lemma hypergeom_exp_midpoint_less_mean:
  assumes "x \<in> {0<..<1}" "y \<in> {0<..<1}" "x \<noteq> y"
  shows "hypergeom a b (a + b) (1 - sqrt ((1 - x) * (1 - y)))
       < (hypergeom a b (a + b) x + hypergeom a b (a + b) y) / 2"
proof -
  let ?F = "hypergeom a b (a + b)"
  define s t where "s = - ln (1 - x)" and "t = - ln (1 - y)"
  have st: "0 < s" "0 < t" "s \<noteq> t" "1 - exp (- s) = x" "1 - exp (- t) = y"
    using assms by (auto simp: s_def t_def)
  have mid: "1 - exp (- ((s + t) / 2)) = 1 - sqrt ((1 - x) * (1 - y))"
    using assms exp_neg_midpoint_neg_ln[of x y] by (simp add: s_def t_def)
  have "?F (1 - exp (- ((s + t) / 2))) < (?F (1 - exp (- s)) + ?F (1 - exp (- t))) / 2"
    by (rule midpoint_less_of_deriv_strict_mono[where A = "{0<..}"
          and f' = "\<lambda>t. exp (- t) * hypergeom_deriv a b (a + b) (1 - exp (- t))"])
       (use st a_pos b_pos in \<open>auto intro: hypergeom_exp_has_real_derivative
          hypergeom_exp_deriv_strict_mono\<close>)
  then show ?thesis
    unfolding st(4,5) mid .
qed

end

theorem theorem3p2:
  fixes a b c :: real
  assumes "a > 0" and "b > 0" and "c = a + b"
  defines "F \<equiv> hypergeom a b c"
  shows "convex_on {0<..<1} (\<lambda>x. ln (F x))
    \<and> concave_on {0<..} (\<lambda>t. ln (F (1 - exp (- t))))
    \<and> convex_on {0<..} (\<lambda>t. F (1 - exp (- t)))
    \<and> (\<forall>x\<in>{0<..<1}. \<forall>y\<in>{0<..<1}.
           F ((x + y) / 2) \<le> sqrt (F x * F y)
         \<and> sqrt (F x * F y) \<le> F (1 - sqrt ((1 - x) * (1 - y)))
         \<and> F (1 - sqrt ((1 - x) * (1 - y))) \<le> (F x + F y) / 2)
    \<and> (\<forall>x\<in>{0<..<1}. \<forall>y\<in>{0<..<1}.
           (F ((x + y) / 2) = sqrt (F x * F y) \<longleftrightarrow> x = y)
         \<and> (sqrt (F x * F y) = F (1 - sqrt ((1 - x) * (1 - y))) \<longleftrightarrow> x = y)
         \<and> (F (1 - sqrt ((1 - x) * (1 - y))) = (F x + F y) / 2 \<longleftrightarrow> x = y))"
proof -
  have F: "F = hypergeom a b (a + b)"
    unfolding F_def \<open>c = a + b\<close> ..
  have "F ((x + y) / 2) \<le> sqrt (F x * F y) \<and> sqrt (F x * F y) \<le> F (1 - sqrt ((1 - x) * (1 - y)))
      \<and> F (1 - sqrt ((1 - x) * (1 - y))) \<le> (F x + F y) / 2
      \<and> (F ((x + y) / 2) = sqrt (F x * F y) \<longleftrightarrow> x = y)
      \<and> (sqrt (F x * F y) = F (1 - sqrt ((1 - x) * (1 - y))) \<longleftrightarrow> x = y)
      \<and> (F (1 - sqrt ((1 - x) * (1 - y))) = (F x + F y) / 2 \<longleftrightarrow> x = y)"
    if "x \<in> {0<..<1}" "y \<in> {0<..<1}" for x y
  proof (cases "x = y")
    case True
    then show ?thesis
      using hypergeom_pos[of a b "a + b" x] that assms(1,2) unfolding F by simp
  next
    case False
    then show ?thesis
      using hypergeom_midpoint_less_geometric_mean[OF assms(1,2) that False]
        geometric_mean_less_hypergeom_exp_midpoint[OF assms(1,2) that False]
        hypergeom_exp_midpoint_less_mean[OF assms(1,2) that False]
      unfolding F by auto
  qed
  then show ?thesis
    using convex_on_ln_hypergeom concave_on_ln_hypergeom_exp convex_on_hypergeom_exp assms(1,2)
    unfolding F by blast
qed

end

::::::

Task directions
Given the word "open", show every line of the records that contains it.

Expected answer
       (use st a_pos b_pos in \<open>auto intro: hypergeom_exp_has_real_derivative
    unfolding F_def \<open>c = a + b\<close> ..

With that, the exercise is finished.